• **Exercise**:
For the entries below, the expected answer is the line with "neither \<open>u\<close> nor", the line with "using assms(2) in_set_conv_nth", and every line between them, exactly as written, and nothing more.

• **Raw data**:
(* Let $R$ be a ranking profile over $m$ candidates and let $\rhd=x_1,\dots,x_m$ be the ranking chosen by the Ranked Method of Equal Shares. Then for all $i\in\{1,\dots,\lfloor m/4\rfloor\}$, $\rho_i=\frac{m-i}{U(b_1,x_i,\{x_i,\dots,x_m\})}$ and $x_i\in\arg\max_{x\in\{x_i,\dots,x_m\}}U(b_1,x,\{x_i,\dots,x_m\})$.
   Context: Let $C$ be a set of $m$ candidates. A ranking is a strict linear order over $C$; $\mathcal{R}$ denotes the set of all rankings over $C$. A ranking profile is a function $R:\mathcal{R}\to[0,1]$ with $\sum_{\succ}R(\succ)=1$. For a ranking $\succ$ and $x\in X\subseteq C$, $u(\succ,x,X)=|\{y\in X\setminus\{x\}: x\succ y\}|$; for $b:\mathcal{R}\to\mathbb{R}_{\geq0}$, $U(b,x,X)=\sum_{\succ}b(\succ)u(\succ,x,X)$. Ranked Method of Equal Shares: set $X_1=C$, $b_1(\succ)=R(\succ)\binom{m}{2}$. In each round $i\in\{1,\dots,m-2\}$, for each $x\in X_i$ let $\rho_x$ be the smallest $\rho\geq0$ with $\sum_{\succ\in\mathcal{R}}\min\big(\rho\,b_1(\succ)u(\succ,x,X_i),\,b_i(\succ),\,u(\succ,x,X_i)\big)=m-i$ ($\rho_x=\infty$ if none exists); choose $x_i$ minimizing $\rho_x$ (ties broken arbitrarily), set $\rho_i=\rho_{x_i}$, place $x_i$ at position $i$, set $X_{i+1}=X_i\setminus\{x_i\}$ and $b_{i+1}(\succ)=b_i(\succ)-\min(\rho_i b_1(\succ)u(\succ,x_i,X_i),b_i(\succ),u(\succ,x_i,X_i))$. The last two candidates are ordered by majority with respect to the remaining budgets $b_{m-1}$. *)

theory Defs
  imports "HOL-Combinatorics.Multiset_Permutations" "HOL-Library.Extended_Real"
begin

text \<open>A ranking over the candidate set C is a list enumerating C without repetition
  (first = most preferred); the set of all rankings is permutations_of_set C.\<close>

definition prefers :: "'a list \<Rightarrow> 'a \<Rightarrow> 'a \<Rightarrow> bool" where
  "prefers r x y \<longleftrightarrow> (\<exists>i j. i < j \<and> j < length r \<and> r ! i = x \<and> r ! j = y)"

definition is_profile :: "'a set \<Rightarrow> ('a list \<Rightarrow> real) \<Rightarrow> bool" where
  "is_profile C R \<longleftrightarrow> (\<forall>r\<in>permutations_of_set C. 0 \<le> R r \<and> R r \<le> 1)
     \<and> (\<Sum>r\<in>permutations_of_set C. R r) = 1"

definition util :: "'a list \<Rightarrow> 'a \<Rightarrow> 'a set \<Rightarrow> real" where
  "util r x X = real (card {y \<in> X - {x}. prefers r x y})"

definition Util :: "'a set \<Rightarrow> ('a list \<Rightarrow> real) \<Rightarrow> 'a \<Rightarrow> 'a set \<Rightarrow> real" where
  "Util C b x X = (\<Sum>r\<in>permutations_of_set C. b r * util r x X)"

text \<open>rho_x: smallest rho \<ge> 0 such that the payment sum equals k (infinity if none).\<close>
definition rho_of :: "'a set \<Rightarrow> ('a list \<Rightarrow> real) \<Rightarrow> ('a list \<Rightarrow> real) \<Rightarrow> nat \<Rightarrow> 'a set \<Rightarrow> 'a \<Rightarrow> ereal" where
  "rho_of C b1 bi k X y = Inf {ereal \<rho> | \<rho>. \<rho> \<ge> 0 \<and>
     (\<Sum>r\<in>permutations_of_set C. min (\<rho> * b1 r * util r y X) (min (bi r) (util r y X))) = real k}"

text \<open>payment min(rho * b1 * u, b_i, u), with ereal semantics for rho = infinity
  (infinity * 0 = 0).\<close>
definition pay :: "ereal \<Rightarrow> real \<Rightarrow> real \<Rightarrow> real \<Rightarrow> real" where
  "pay \<rho> b1 bi u = (if \<rho> = \<infinity> then (if b1 * u = 0 then 0 else min bi u)
                     else min (real_of_ereal \<rho> * b1 * u) (min bi u))"

text \<open>A run of the Ranked Method of Equal Shares (with some tie-breaking):
  x i is the candidate at position i (1 \<le> i \<le> m), b i the budgets before round i,
  \<rho> i the value rho_i of round i.\<close>
definition rmes_run :: "'a set \<Rightarrow> ('a list \<Rightarrow> real) \<Rightarrow> (nat \<Rightarrow> 'a)
    \<Rightarrow> (nat \<Rightarrow> 'a list \<Rightarrow> real) \<Rightarrow> (nat \<Rightarrow> ereal) \<Rightarrow> bool" where
  "rmes_run C R x b \<rho> \<longleftrightarrow>
     (let m = card C in
       inj_on x {1..m} \<and> x ` {1..m} = C \<and>
       (\<forall>r. b 1 r = R r * real (m choose 2)) \<and>
       (\<forall>i\<in>{1..m-2}. let X = C - x ` {1..<i} in
          (\<forall>y\<in>X. \<rho> i \<le> rho_of C (b 1) (b i) (m - i) X y) \<and>
          \<rho> i = rho_of C (b 1) (b i) (m - i) X (x i) \<and>
          (\<forall>r. b (Suc i) r = b i r - pay (\<rho> i) (b 1 r) (b i r) (util r (x i) X))) \<and>
       (m \<ge> 2 \<longrightarrow>
          (\<Sum>r\<in>{r\<in>permutations_of_set C. prefers r (x m) (x (m-1))}. b (m-1) r)
          \<le> (\<Sum>r\<in>{r\<in>permutations_of_set C. prefers r (x (m-1)) (x m)}. b (m-1) r)))"

end

theory Submission
  imports Defs
begin

text \<open>
  Let \<open>N = m choose 2\<close> be the total initial budget and \<open>k = m - j\<close> in round \<open>j\<close>.
  If every voter still holds at least the fraction \<open>2k/N\<close> of its initial budget, no payment
  in round \<open>j\<close> is capped. Indeed, for a maximiser \<open>y\<close> of \<open>U(b\<^sub>1, -, X)\<close> on the remaining
  set \<open>X\<close> we have \<open>U \<ge> N k / 2\<close> by averaging (for each ranking the utilities over \<open>X\<close> add
  up to \<open>(k+1) choose 2\<close>) and \<open>U \<ge> b\<^sub>1(r) k\<close> for every voter \<open>r\<close> (its favourite in \<open>X\<close> has
  utility \<open>k\<close>), so at rate \<open>\<rho> = k / U\<close> the payment \<open>\<rho> b\<^sub>1(r) u\<close> of each voter exceeds
  neither \<open>u\<close> nor its budget, and the payments add up to \<open>k\<close>. As every feasible rate for a candidate \<open>z\<close> is at least
  \<open>k / U(b\<^sub>1, z, X)\<close>, the rule picks a maximiser at rate \<open>k / max U\<close>. A voter then pays at most
  \<open>(2/N) b\<^sub>1(r) k \<le> 4 b\<^sub>1(r) / m\<close>, so the budget condition survives the first \<open>m/4\<close> rounds.
\<close>

lemma prefers_nth_iff:
  assumes "distinct r" "i < length r" "j < length r"
  shows "prefers r (r ! i) (r ! j) \<longleftrightarrow> i < j"
  using assms unfolding prefers_def by (auto simp: nth_eq_iff_index_eq)

lemma prefers_iff_not_prefers:
  assumes "distinct r" "y \<in> set r" "z \<in> set r" "y \<noteq> z"
  shows "prefers r y z \<longleftrightarrow> \<not> prefers r z y"
proof -
  obtain i j where "i < length r" "j < length r" "y = r ! i" "z = r ! j"
    using assms(2,3) by (metis in_set_conv_nth)
  then show ?thesis
    using assms(4) prefers_nth_iff[OF assms(1)] by (metis linorder_neqE_nat not_less_iff_gr_or_eq)
qed

lemma ex_prefers_all:
  assumes "distinct r" "X \<subseteq> set r" "X \<noteq> {}"
  shows "\<exists>y\<in>X. \<forall>z\<in>X - {y}. prefers r y z"
proof -
  define i where "i = (LEAST i. i < length r \<and> r ! i \<in> X)"
  obtain y where "y \<in> X" using assms(3) by blast
  then obtain j where "j < length r" "r ! j = y"
    using assms(2) in_set_conv_nth by (metis subsetD)
  then have "\<exists>i. i < length r \<and> r ! i \<in> X" using \<open>y \<in> X\<close> by blast
  then have i: "i < length r \<and> r ! i \<in> X"
    unfolding i_def by (rule LeastI_ex)
  have "prefers r (r ! i) z" if z: "z \<in> X - {r ! i}" for z
  proof -
    obtain j where j: "j < length r" "r ! j = z"
      using z assms(2) in_set_conv_nth by (metis DiffD1 subsetD)
    then have "i \<le> j"
      using z unfolding i_def by (intro Least_le) simp
    moreover have "i \<noteq> j" using j z by blast
    ultimately show ?thesis
      using prefers_nth_iff[OF assms(1), of i j] i j by simp
  qed
  with i show ?thesis by blast
qed

lemma sum_card_tournament:
  assumes "finite X" "\<And>a b. a \<in> X \<Longrightarrow> b \<in> X \<Longrightarrow> a \<noteq> b \<Longrightarrow> P a b \<longleftrightarrow> \<not> P b a"
  shows "2 * (\<Sum>a\<in>X. card {b \<in> X - {a}. P a b}) = card X * (card X - 1)"
proof -
  define T where "T = (SIGMA a:X. {b \<in> X - {a}. P a b})"
  have sum_eq: "(\<Sum>a\<in>X. card {b \<in> X - {a}. P a b}) = card T"
    unfolding T_def using assms(1) by simp
  have "T \<union> T\<inverse> = X \<times> X - Id_on X" "T \<inter> T\<inverse> = {}"
    unfolding T_def using assms(2) by auto
  moreover have "finite T" unfolding T_def using assms(1) by simp
  ultimately have "card T + card (T\<inverse>) = card (X \<times> X - Id_on X)"
    by (metis card_Un_disjoint finite_converse)
  also have "\<dots> = card X * card X - card X"
  proof -
    have "Id_on X = (\<lambda>a. (a, a)) ` X" by auto
    then have "card (Id_on X) = card X" by (simp add: card_image inj_on_def)
    then show ?thesis
      using assms(1) card_Diff_subset[OF _ Id_on_subset_Times, of X]
      by (metis card_cartesian_product finite_SigmaI finite_subset Id_on_subset_Times)
  qed
  finally show ?thesis
    using sum_eq by (simp add: algebra_simps diff_mult_distrib2)
qed

lemma util_nonneg: "0 \<le> util r y X"
  by (simp add: util_def)

lemma util_le:
  assumes "finite X" "y \<in> X"
  shows "util r y X \<le> real (card X - 1)"
proof -
  have "card {z \<in> X - {y}. prefers r y z} \<le> card (X - {y})"
    using assms(1) by (intro card_mono) auto
  then show ?thesis
    unfolding util_def using assms(2) by (simp add: card_Diff_singleton)
qed

lemma ex_util_eq_card_minus_1:
  assumes "distinct r" "X \<subseteq> set r" "X \<noteq> {}"
  shows "\<exists>y\<in>X. util r y X = real (card X - 1)"
proof -
  obtain y where y: "y \<in> X" "\<forall>z\<in>X - {y}. prefers r y z"
    using ex_prefers_all[OF assms] by blast
  then have "{z \<in> X - {y}. prefers r y z} = X - {y}" by blast
  then have "util r y X = real (card X - 1)"
    unfolding util_def using y(1) by (simp only: card_Diff_singleton)
  with y(1) show ?thesis by blast
qed

lemma sum_util:
  assumes "distinct r" "X \<subseteq> set r"
  shows "(\<Sum>y\<in>X. util r y X) = real (card X) * (real (card X) - 1) / 2"
proof -
  have "finite X" using assms(2) finite_subset by blast
  then have tournament: "2 * (\<Sum>y\<in>X. card {z \<in> X - {y}. prefers r y z}) = card X * (card X - 1)"
  proof (rule sum_card_tournament)
    fix y z assume "y \<in> X" "z \<in> X" "y \<noteq> z"
    with assms(2) have "y \<in> set r" "z \<in> set r" by auto
    with \<open>y \<noteq> z\<close> show "prefers r y z \<longleftrightarrow> \<not> prefers r z y"
      by (intro prefers_iff_not_prefers[OF assms(1)])
  qed
  have "2 * (\<Sum>y\<in>X. util r y X) = real (2 * (\<Sum>y\<in>X. card {z \<in> X - {y}. prefers r y z}))"
    unfolding util_def by simp
  also have "\<dots> = real (card X) * real (card X - 1)"
    unfolding tournament by simp
  finally show ?thesis by (cases "card X") auto
qed

lemma sum_Util:
  assumes "X \<subseteq> C"
  shows "(\<Sum>y\<in>X. Util C b y X)
    = (\<Sum>r\<in>permutations_of_set C. b r) * (real (card X) * (real (card X) - 1) / 2)"
proof -
  have "(\<Sum>y\<in>X. Util C b y X) = (\<Sum>r\<in>permutations_of_set C. b r * (\<Sum>y\<in>X. util r y X))"
    unfolding Util_def by (simp add: sum_distrib_left sum.swap[of _ X])
  also have "\<dots> = (\<Sum>r\<in>permutations_of_set C. b r * (real (card X) * (real (card X) - 1) / 2))"
    using assms by (intro sum.cong refl) (simp add: sum_util permutations_of_setD)
  finally show ?thesis by (simp add: sum_distrib_right)
qed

• **Output of the exercise**:
  neither \<open>u\<close> nor its budget, and the payments add up to \<open>k\<close>. As every feasible rate for a candidate \<open>z\<close> is at least
  \<open>k / U(b\<^sub>1, z, X)\<close>, the rule picks a maximiser at rate \<open>k / max U\<close>. A voter then pays at most
  \<open>(2/N) b\<^sub>1(r) k \<le> 4 b\<^sub>1(r) / m\<close>, so the budget condition survives the first \<open>m/4\<close> rounds.
\<close>

lemma prefers_nth_iff:
  assumes "distinct r" "i < length r" "j < length r"
  shows "prefers r (r ! i) (r ! j) \<longleftrightarrow> i < j"
  using assms unfolding prefers_def by (auto simp: nth_eq_iff_index_eq)

lemma prefers_iff_not_prefers:
  assumes "distinct r" "y \<in> set r" "z \<in> set r" "y \<noteq> z"
  shows "prefers r y z \<longleftrightarrow> \<not> prefers r z y"
proof -
  obtain i j where "i < length r" "j < length r" "y = r ! i" "z = r ! j"
    using assms(2,3) by (metis in_set_conv_nth)
  then show ?thesis
    using assms(4) prefers_nth_iff[OF assms(1)] by (metis linorder_neqE_nat not_less_iff_gr_or_eq)
qed

lemma ex_prefers_all:
  assumes "distinct r" "X \<subseteq> set r" "X \<noteq> {}"
  shows "\<exists>y\<in>X. \<forall>z\<in>X - {y}. prefers r y z"
proof -
  define i where "i = (LEAST i. i < length r \<and> r ! i \<in> X)"
  obtain y where "y \<in> X" using assms(3) by blast
  then obtain j where "j < length r" "r ! j = y"
    using assms(2) in_set_conv_nth by (metis subsetD)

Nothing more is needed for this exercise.